The Poitevin originated in the marshlands of the Charente and the Vendée in the seventeenth century, when horses of Flemish or Dutch origin, brought to the area by engineers working on land drainage, interbred with local horses.

On 1 January 1599, Henri IV of France appointed Humphrey Bradley, an English land drainage engineer from Brabant, maître des digues du royaume, or "master of dykes of the Kingdom", which essentially gave him a monopoly of all dyking and land reclamation work throughout the country. Bradley also enjoyed the support of Maximilien de Béthune, Duke of Sully, chief minister to the king. Early in the seventeenth century he contracted to drain parts of the Marais de Saintonge, but was not able to carry the work forward until after 1607, when the Société générale de desséchement des marais et lacs de France was formed by royal edict. He did not himself direct the work, but entrusted it to two brothers, Marc and Jérome de Comans. They brought a good number of workers from the Low Countries; by about 1610 the area between Muron and Tonnay-Charente had come to be known as the Marais de la Petite-Flandre, the "marsh of little Flanders". It is believed that a number of working horses were also brought from the Low Countries, possibly of Brabant, Flemish or Friesian type. Drainage of the Marais Poitevin, the marshlands of Poitou, did not begin before 1640, by which time Bradley is thought to have died. Horses were brought to the area from Germany in about 1685. Interbreeding between these various imported horses and local stock of indeterminate type led to the development of the Poitevin, a large, heavy, slow horse well adapted to marshy terrain.
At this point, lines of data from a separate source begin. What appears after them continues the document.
(* Let $G$ be a finite graph of maximum degree $\Delta$, $\mathcal F\subseteq\mathcal F_1$ finite, $\pi\colon V(G)\to\mathcal F$, and $r_1=\max\{1,r(\mathcal F)\}$. Then for every $z\in\mathbb C$ with $|z|\le\big(\Delta e^{2}r_1(r_1+1)\big)^{-1}$ we have $Z_{\mathcal F}(G,\pi,z)\neq0$ and the Taylor series of $\log Z_{\mathcal F}(G,\pi,z)$ in $z$ about $0$ converges absolutely at $z$.
   Context: Boolean signatures: $f\colon\{0,1\}^d\to\mathbb C$. $\mathcal F_1=\{f\mid f(\mathbf0)=1\}$; $r(f)=\max_{x\in\{0,1\}^d\setminus\{\mathbf0\}}|f(x)|$ and $r(\mathcal F)=\max_{f\in\mathcal F}r(f)$. For a finite graph $G=(V,E)$ with a fixed order on $E$, $E(v)$ is the set of edges at $v$, $\pi$ assigns to $v$ a signature $f_v$ of arity $|E(v)|$, and $\sigma|_{E(v)}$ is the restriction of $\sigma\in\{0,1\}^E$ to $E(v)$. The (univariate) Boolean Holant polynomial is $Z_{\mathcal F}(G,\pi,z)=\sum_{\sigma\in\{0,1\}^E}\prod_{v\in V}f_v(\sigma|_{E(v)})\,z^{|\{e:\sigma(e)=1\}|}$; it has constant term $1$. *)

theory Defs
  imports "HOL-Analysis.Analysis"
begin

text \<open>A Boolean signature is a pair (d, f) of an arity d and a function f on
  Boolean tuples; only the values of f on lists of length d matter.\<close>
type_synonym sig = "nat \<times> (bool list \<Rightarrow> complex)"

definition sig_arity :: "sig \<Rightarrow> nat" where "sig_arity s = fst s"
definition sig_fun :: "sig \<Rightarrow> bool list \<Rightarrow> complex" where "sig_fun s = snd s"

definition in_F1 :: "sig \<Rightarrow> bool" where
  "in_F1 s \<longleftrightarrow> sig_fun s (replicate (sig_arity s) False) = 1"

text \<open>r(f) = max over nonzero inputs of |f(x)| (0 for arity 0, an empty max).\<close>
definition sig_r :: "sig \<Rightarrow> real" where
  "sig_r s = Max (insert 0 {cmod (sig_fun s x) | x. length x = sig_arity s
                     \<and> x \<noteq> replicate (sig_arity s) False})"

definition fam_r :: "sig set \<Rightarrow> real" where
  "fam_r F = Max (insert 0 (sig_r ` F))"

text \<open>Loopless multigraph: vertex set V, edge set E (edges linearly ordered by
  the type's order), endpoints ends e, a 2-element subset of V.\<close>
definition is_graph :: "'v set \<Rightarrow> ('e::linorder) set \<Rightarrow> ('e \<Rightarrow> 'v set) \<Rightarrow> bool" where
  "is_graph V E ends \<longleftrightarrow> finite V \<and> finite E \<and> (\<forall>e\<in>E. ends e \<subseteq> V \<and> card (ends e) = 2)"

definition edges_at :: "('e::linorder) set \<Rightarrow> ('e \<Rightarrow> 'v set) \<Rightarrow> 'v \<Rightarrow> 'e set" where
  "edges_at E ends v = {e\<in>E. v \<in> ends e}"

definition max_degree :: "'v set \<Rightarrow> ('e::linorder) set \<Rightarrow> ('e \<Rightarrow> 'v set) \<Rightarrow> nat" where
  "max_degree V E ends = Max (insert 0 ((\<lambda>v. card (edges_at E ends v)) ` V))"

text \<open>Univariate Boolean Holant polynomial. sigma|_{E(v)} is the tuple of values of
  sigma on E(v), listed in the fixed edge order.\<close>
definition holant_Z :: "'v set \<Rightarrow> ('e::linorder) set \<Rightarrow> ('e \<Rightarrow> 'v set) \<Rightarrow> ('v \<Rightarrow> sig)
     \<Rightarrow> complex \<Rightarrow> complex" where
  "holant_Z V E ends \<pi> z =
     (\<Sum>\<sigma>\<in>PiE E (\<lambda>_. UNIV).
        (\<Prod>v\<in>V. sig_fun (\<pi> v) (map \<sigma> (sorted_list_of_set (edges_at E ends v))))
        * z ^ card {e\<in>E. \<sigma> e})"

definition log_taylor_coeff :: "(complex \<Rightarrow> complex) \<Rightarrow> nat \<Rightarrow> complex" where
  "log_taylor_coeff f n = (deriv ^^ n) (\<lambda>w. Ln (f w)) 0 / fact n"

end

(* Write Z_A(w) for the Holant sum restricted to edge subsets of A.  An edge subset containing
   e = {u, u'} splits uniquely into its connected part C at u and a remainder avoiding every edge
   that touches C, so  Z_A = Z_{A-e} + (SUM C. W(C) * Z_{A - N(C)}).  By induction on |A| one shows
   Z_A \<noteq> 0 and |Z_{A-e}| \<le> e^{1/\<Delta>} |Z_A|: the ratio bound, applied to the edges of N(C), controls
   each cluster term by e^{-1/\<Delta>} y^|C| \<rho>^|V(C)| |Z_{A-e}|, and these tree-like weights sum to at
   most y B^2, where B satisfies \<rho> (1 + y B)^\<Delta> \<le> B.  Hence Z has no zero on the closed disc of
   the theorem, so none on a slightly larger open disc, where log Z has a holomorphic branch whose
   Taylor series converges absolutely at z. *)

theory Submission
  imports Defs "HOL-Complex_Analysis.Complex_Analysis"
begin

section \<open>Taylor series of logarithms\<close>

lemma eventually_eq_if_exp_eq:
  fixes f g :: "'a::t2_space \<Rightarrow> complex"
  assumes "isCont f a" "isCont g a" "f a = g a"
    and "eventually (\<lambda>x. exp (f x) = exp (g x)) (nhds a)"
  shows "eventually (\<lambda>x. f x = g x) (nhds a)"
proof -
  have "isCont (\<lambda>x. f x - g x) a" using assms(1,2) by (intro continuous_intros)
  then have "eventually (\<lambda>x. dist (f x - g x) 0 < 2 * pi) (at a)"
    using assms(3) by (auto simp: isCont_def tendsto_iff)
  then have small: "eventually (\<lambda>x. cmod (f x - g x) < 2 * pi) (nhds a)"
    using assms(3) by (simp add: eventually_nhds_conv_at)
  show ?thesis
    using small assms(4)
  proof eventually_elim
    case (elim x)
    then have "exp (f x - g x) = 1" by (simp add: exp_diff)
    then obtain n :: int where re: "Re (f x - g x) = 0" and im: "Im (f x - g x) = of_int (2 * n) * pi"
      using exp_eq_1 by blast
    have "\<bar>of_int (2 * n) * pi\<bar> < 2 * pi"
      using elim(1) abs_Im_le_cmod[of "f x - g x"] im by linarith
    then have "n = 0" by (simp add: abs_mult)
    then show "f x = g x" using re im by (simp add: complex_eq_iff)
  qed
qed

lemma summable_taylor_Ln_comp:
  fixes f :: "complex \<Rightarrow> complex"
  assumes hol: "f holomorphic_on ball 0 R" and f0: "f 0 = 1"
    and nz: "\<And>w. w \<in> ball 0 R \<Longrightarrow> f w \<noteq> 0" and z: "cmod z < R"
  shows "summable (\<lambda>n. cmod ((deriv ^^ n) (\<lambda>w. Ln (f w)) 0 / fact n * z ^ n))"
proof -
  have "R > 0" using z norm_ge_zero[of z] by linarith
  then have R0: "0 \<in> ball 0 R" by simp
  obtain g where g: "g holomorphic_on ball 0 R" "\<And>w. w \<in> ball 0 R \<Longrightarrow> exp (g w) = f w"
    using holomorphic_logarithm_exists[OF convex_ball open_ball hol nz R0] by blast
  define g0 where "g0 w = g w - g 0" for w
  have g0_hol: "g0 holomorphic_on ball 0 R" unfolding g0_def by (intro holomorphic_intros g(1))
  have g0_exp: "exp (g0 w) = f w" if "w \<in> ball 0 R" for w
    using g(2)[OF that] g(2)[OF R0] f0 by (simp add: g0_def exp_diff)
  have "isCont f 0" "isCont g0 0"
    using hol g0_hol R0 continuous_on_eq_continuous_at[OF open_ball]
    by (meson holomorphic_on_imp_continuous_on)+
  then have cont_Ln: "isCont (\<lambda>w. Ln (f w)) 0"
    using f0 by (intro continuous_intros) (auto simp: complex_nonpos_Reals_iff)
  have "eventually (\<lambda>w. w \<in> ball 0 R) (nhds 0)"
    using R0 by (intro eventually_nhds_in_open) auto
  \<comment> \<open>Near 0 the principal branch agrees with the logarithm defined on the whole ball.\<close>
  then have "eventually (\<lambda>w. exp (Ln (f w)) = exp (g0 w)) (nhds 0)"
  proof eventually_elim
    case (elim w)
    then show ?case using nz[OF elim] g0_exp[OF elim] by simp
  qed
  then have "eventually (\<lambda>w. Ln (f w) = g0 w) (nhds 0)"
    using f0 by (intro eventually_eq_if_exp_eq[OF cont_Ln \<open>isCont g0 0\<close>]) (simp_all add: g0_def)
  then have coeff: "(deriv ^^ n) (\<lambda>w. Ln (f w)) 0 = (deriv ^^ n) g0 0" for n
    by (rule higher_deriv_cong_ev) simp
  define r where "r = (cmod z + R) / 2"
  have r: "0 \<le> r" "cmod z < r" "r < R" using z \<open>R > 0\<close> unfolding r_def by (auto intro!: add_nonneg_nonneg)
  then have "of_real r \<in> ball (0::complex) R" by simp
  from holomorphic_power_series[OF g0_hol this]
  have "summable (\<lambda>n. (deriv ^^ n) g0 0 / fact n * (of_real r) ^ n)"
    by (simp add: sums_summable)
  from powser_insidea[OF this] r show ?thesis by (simp add: coeff)
qed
At the end of the eighteenth century, the French government tried to impose a system of crossing Poitevin horses with lighter-weight Norman and Thoroughbred horses to create cavalry horses. Despite financial incentives, private breeders protested because they felt that the resulting crossbred horses created poor quality mules upon further breeding. The changes also affected the characteristics of the breed that had been developed for work in its marshy homeland, including large hooves and a calm manner. Some sources argue that at this point the breed was employed for agricultural and logging uses. Others state that they were not pulling horses, and were instead used almost solely for the production of mules.

=== Production of mules ===

Poitevin mares were crossbred with Poitou donkeys to create the famous Poitou mule, a large, hardy breed. Like most animal hybrids, mules are sterile and can only be created through crossing a donkey and a horse. The industry of mule breeding in Poitou has existed since at least the eighteenth century, when it was opposed by the government stud farm administration that was attempting to breed cavalry horses for French troops. At the beginning of the nineteenth century, the government prohibited breeding mules from mares taller than 120 cm, and threatened to castrate all donkeys in the region. In the 1860s Eugene Gayot noted that the heavy mares from the Poitou marshes produced the best mules, probably because of their heavy bone structure.
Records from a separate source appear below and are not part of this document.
definition piecewise_causal :: "real \<Rightarrow> real \<Rightarrow> (real \<Rightarrow> 'n::finite mpoint) \<Rightarrow> (nat \<Rightarrow> real) \<Rightarrow> nat \<Rightarrow> bool" where
  "piecewise_causal a b \<beta> s k \<longleftrightarrow> is_partition a b s k \<and>
     (\<forall>i<k. smooth_curve_with future_causal_vec (s i) (s (Suc i)) \<beta>
           \<or> smooth_curve_with past_causal_vec (s i) (s (Suc i)) \<beta>)"

definition J_plus :: "'n::finite mpoint \<Rightarrow> 'n mpoint set" where
  "J_plus p = {q. \<exists>a b \<beta> s k. future_causal_curve a b \<beta> s k \<and> \<beta> a = p \<and> \<beta> b = q}"

definition J_minus :: "'n::finite mpoint \<Rightarrow> 'n mpoint set" where
  "J_minus p = {q. \<exists>a b \<beta> s k. past_causal_curve a b \<beta> s k \<and> \<beta> a = p \<and> \<beta> b = q}"

definition causal_le :: "'n::finite mpoint \<Rightarrow> 'n mpoint \<Rightarrow> bool" where
  "causal_le p q \<longleftrightarrow> q \<in> J_plus p"

definition null_length :: "('n::finite mpoint \<Rightarrow> real) \<Rightarrow> (real \<Rightarrow> 'n mpoint) \<Rightarrow> (nat \<Rightarrow> real) \<Rightarrow> nat \<Rightarrow> real" where
  "null_length \<tau> \<beta> s k = (\<Sum>i<k. \<bar>\<tau> (\<beta> (s (Suc i))) - \<tau> (\<beta> (s i))\<bar>)"

definition null_dist :: "('n::finite mpoint \<Rightarrow> real) \<Rightarrow> 'n mpoint \<Rightarrow> 'n mpoint \<Rightarrow> real" where
  "null_dist \<tau> p q = Inf {null_length \<tau> \<beta> s k | a b \<beta> s k.
       piecewise_causal a b \<beta> s k \<and> \<beta> a = p \<and> \<beta> b = q}"

end

theory Submission
  imports Defs
begin

text \<open>Along a smooth causal piece the spatial displacement is bounded by the time displacement,
  \<open>\<parallel>\<Delta>x\<parallel> \<le> |\<Delta>t|\<close>. Telescoping over the pieces bounds the null length of every piecewise
  causal curve from below by \<open>max |\<Delta>t| \<parallel>\<Delta>x\<parallel>\<close>. The bound is attained by the straight segment
  when \<open>q\<close> is causally related to \<open>p\<close>, and otherwise by a future null segment followed by a past
  null segment. Hence \<open>d\<^sub>t(p,q) = max |\<Delta>t| \<parallel>\<Delta>x\<parallel>\<close>, from which all claims follow.\<close>

lemma nondecreasing_if_has_vector_derivative_nonneg:
  fixes g :: "real \<Rightarrow> real"
  assumes "a \<le> b"
    and deriv: "\<And>x. x \<in> {a..b} \<Longrightarrow> (g has_vector_derivative g' x) (at x within {a..b})"
    and nonneg: "\<And>x. x \<in> {a..b} \<Longrightarrow> 0 \<le> g' x"
  shows "g a \<le> g b"
proof (rule DERIV_nonneg_imp_increasing_open[OF \<open>a \<le> b\<close>])
  fix x assume x: "a < x" "x < b"
  then have "(g has_vector_derivative g' x) (at x)"
    using deriv[of x] at_within_Icc_at[of a x b] by simp
  then show "\<exists>y. DERIV g x :> y \<and> 0 \<le> y"
    using nonneg[of x] x by (auto simp: has_real_derivative_iff_has_vector_derivative)
next
  show "continuous_on {a..b} g"
    by (rule continuous_on_vector_derivative) (use deriv in auto)
qed

lemma displacement_le_if_derivative_in_cone:
  fixes \<beta> :: "real \<Rightarrow> real \<times> 'a::real_inner"
  assumes "a \<le> b"
    and deriv: "\<And>x. x \<in> {a..b} \<Longrightarrow> (\<beta> has_vector_derivative V x) (at x within {a..b})"
    and cone: "\<And>x. x \<in> {a..b} \<Longrightarrow> norm (snd (V x)) \<le> \<sigma> * fst (V x)"
  shows "norm (snd (\<beta> b) - snd (\<beta> a)) \<le> \<sigma> * (fst (\<beta> b) - fst (\<beta> a))"
proof -
  define u where "u = sgn (snd (\<beta> b) - snd (\<beta> a))"
  have pairing: "(\<sigma>, - u) \<bullet> z = \<sigma> * fst z - u \<bullet> snd z" for z :: "real \<times> 'a"
    by (simp add: inner_prod_def)
  \<comment> \<open>Pairing with the covector \<open>(\<sigma>, -u)\<close>, \<open>u\<close> the unit vector along the spatial displacement,
     is nondecreasing along \<open>\<beta>\<close> by Cauchy-Schwarz.\<close>
  have "(\<sigma>, - u) \<bullet> \<beta> a \<le> (\<sigma>, - u) \<bullet> \<beta> b"
  proof (rule nondecreasing_if_has_vector_derivative_nonneg[OF \<open>a \<le> b\<close>])
    fix x assume x: "x \<in> {a..b}"
    show "((\<lambda>t. (\<sigma>, - u) \<bullet> \<beta> t) has_vector_derivative (\<sigma>, - u) \<bullet> V x) (at x within {a..b})"
      by (rule bounded_linear.has_vector_derivative[OF bounded_linear_inner_right deriv[OF x]])
    have "u \<bullet> snd (V x) \<le> norm u * norm (snd (V x))" by (rule norm_cauchy_schwarz)
    also have "\<dots> \<le> norm (snd (V x))" by (simp add: u_def norm_sgn mult_left_le_one_le)
    finally show "0 \<le> (\<sigma>, - u) \<bullet> V x" using cone[OF x] pairing[of "V x"] by simp
  qed
  moreover have "u \<bullet> (snd (\<beta> b) - snd (\<beta> a)) = norm (snd (\<beta> b) - snd (\<beta> a))"
    by (cases "snd (\<beta> b) = snd (\<beta> a)")
      (simp_all add: u_def sgn_div_norm dot_square_norm power2_eq_square)
  ultimately show ?thesis
    using pairing[of "\<beta> a"] pairing[of "\<beta> b"] by (simp add: inner_diff_right algebra_simps)
qed

lemma mink_g_self: "mink_g v v = (norm (snd v))\<^sup>2 - (fst v)\<^sup>2"
  unfolding mink_g_def dot_square_norm by (simp add: power2_eq_square)

lemma future_causal_vec_iff: "future_causal_vec v \<longleftrightarrow> norm (snd v) \<le> fst v \<and> 0 < fst v"
proof -
  have "norm (snd v) \<le> fst v \<longleftrightarrow> (norm (snd v))\<^sup>2 \<le> (fst v)\<^sup>2" if "0 < fst v"
    using that by (simp add: abs_le_square_iff)
  then show ?thesis
    by (auto simp: future_causal_vec_def causal_vec_def mink_g_self mink_g_def)
qed

lemma past_causal_vec_iff_future_uminus: "past_causal_vec v \<longleftrightarrow> future_causal_vec (- v)"
  by (simp add: past_causal_vec_def future_causal_vec_def causal_vec_def mink_g_def)

lemma past_causal_vec_iff: "past_causal_vec v \<longleftrightarrow> norm (snd v) \<le> - fst v \<and> fst v < 0"
  by (auto simp: past_causal_vec_iff_future_uminus future_causal_vec_iff)

lemma smooth_curve_with_displacement_le:
  fixes \<beta> :: "real \<Rightarrow> 'n::finite mpoint"
  assumes curve: "smooth_curve_with P a b \<beta>"
    and cone: "\<And>v. P v \<Longrightarrow> norm (snd v) \<le> \<sigma> * fst v"
  shows "norm (snd (\<beta> b) - snd (\<beta> a)) \<le> \<sigma> * (fst (\<beta> b) - fst (\<beta> a))"
proof -
  from curve have "a < b" and "smooth_on_ivl a b \<beta>"
    and tangents: "(\<forall>x\<in>{a..b}. \<beta> x = \<beta> a) \<or>
      (\<forall>x\<in>{a..b}. \<forall>v. (\<beta> has_vector_derivative v) (at x within {a..b}) \<longrightarrow> P v)"
    by (auto simp: smooth_curve_with_def)
  then obtain D where "D 0 = \<beta>"
    and D: "\<forall>k. \<forall>x\<in>{a..b}. (D k has_vector_derivative D (Suc k) x) (at x within {a..b})"
    unfolding smooth_on_ivl_def by blast
  have deriv: "(\<beta> has_vector_derivative D 1 x) (at x within {a..b})" if "x \<in> {a..b}" for x
    using bspec[OF spec[OF D, of 0] that] \<open>D 0 = \<beta>\<close> by simp
  from tangents show ?thesis
  proof
    assume "\<forall>x\<in>{a..b}. \<beta> x = \<beta> a"
    moreover have "b \<in> {a..b}" using \<open>a < b\<close> by simp
    ultimately have "\<beta> b = \<beta> a" by (rule bspec)
    then show ?thesis by simp
  next
    assume "\<forall>x\<in>{a..b}. \<forall>v. (\<beta> has_vector_derivative v) (at x within {a..b}) \<longrightarrow> P v"
    then have "norm (snd (D 1 x)) \<le> \<sigma> * fst (D 1 x)" if "x \<in> {a..b}" for x
      using cone deriv that by blast
    then show ?thesis
      using displacement_le_if_derivative_in_cone[of a b \<beta> "D 1" \<sigma>] \<open>a < b\<close> deriv by simp
  qed
qed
Although the Poitevin was not the only breed of horse used for the production of mules, the Poitou mule was known worldwide. They were in high demand in the United States from the late nineteenth century until the beginning of World War I. During the 1920s, livestock production began to decline. In the Deux-Sèvres region, especially in the district of Melle, near Luçon and Saint-Maixent, mule breeding began to be concentrated in ateliers (workshops), which were relatively expensive for breeders.

===Nineteenth century===

Poitevin colts and fillies were sold at fairs in Marans, Nuaillé, Surgères, Rochefort, Pont-l'Abbé and Saujon. In 1867, there were 50,000 pure and crossbred mares. By the early twentieth century, there were tens of thousands of Poitevins in France, but numbers later fell. Poitevin colts, which were not used for the breeding of mules, were considered "soft" and less valuable than the major draft horse breed of the nineteenth century – the Percheron. Some horse dealers purchased young gray Poitevin horses, fed them heavily to make them larger and stronger, and then sold them at the age of four as Percherons. These "Percherons" were transported to areas such as Saintonge, Yonne, Nivernais and Gâtinais.

In the nineteenth century the Poitevin received some intromission of other blood: early in the century, a few Percheron stallions were introduced to the breeding area; between 1860 and 1867, about ten Bourbourienne stallions were used; in the middle years of the century, more substantial use was made of Breton stallions, a practice supported by some breeders and criticised by others. The Breton influence tended to make the head more square and the ears shorter; the Poitevin lost weight without gaining anything else, the legs became too long and too thin, and gray became more common as a coat color. In 1860, Eugene Gayot called the mares of the breed "heavy, common, soft and of medium size". Breeders chose horses with large joints, thick coats and a high croup, and had a preference for a black coat color.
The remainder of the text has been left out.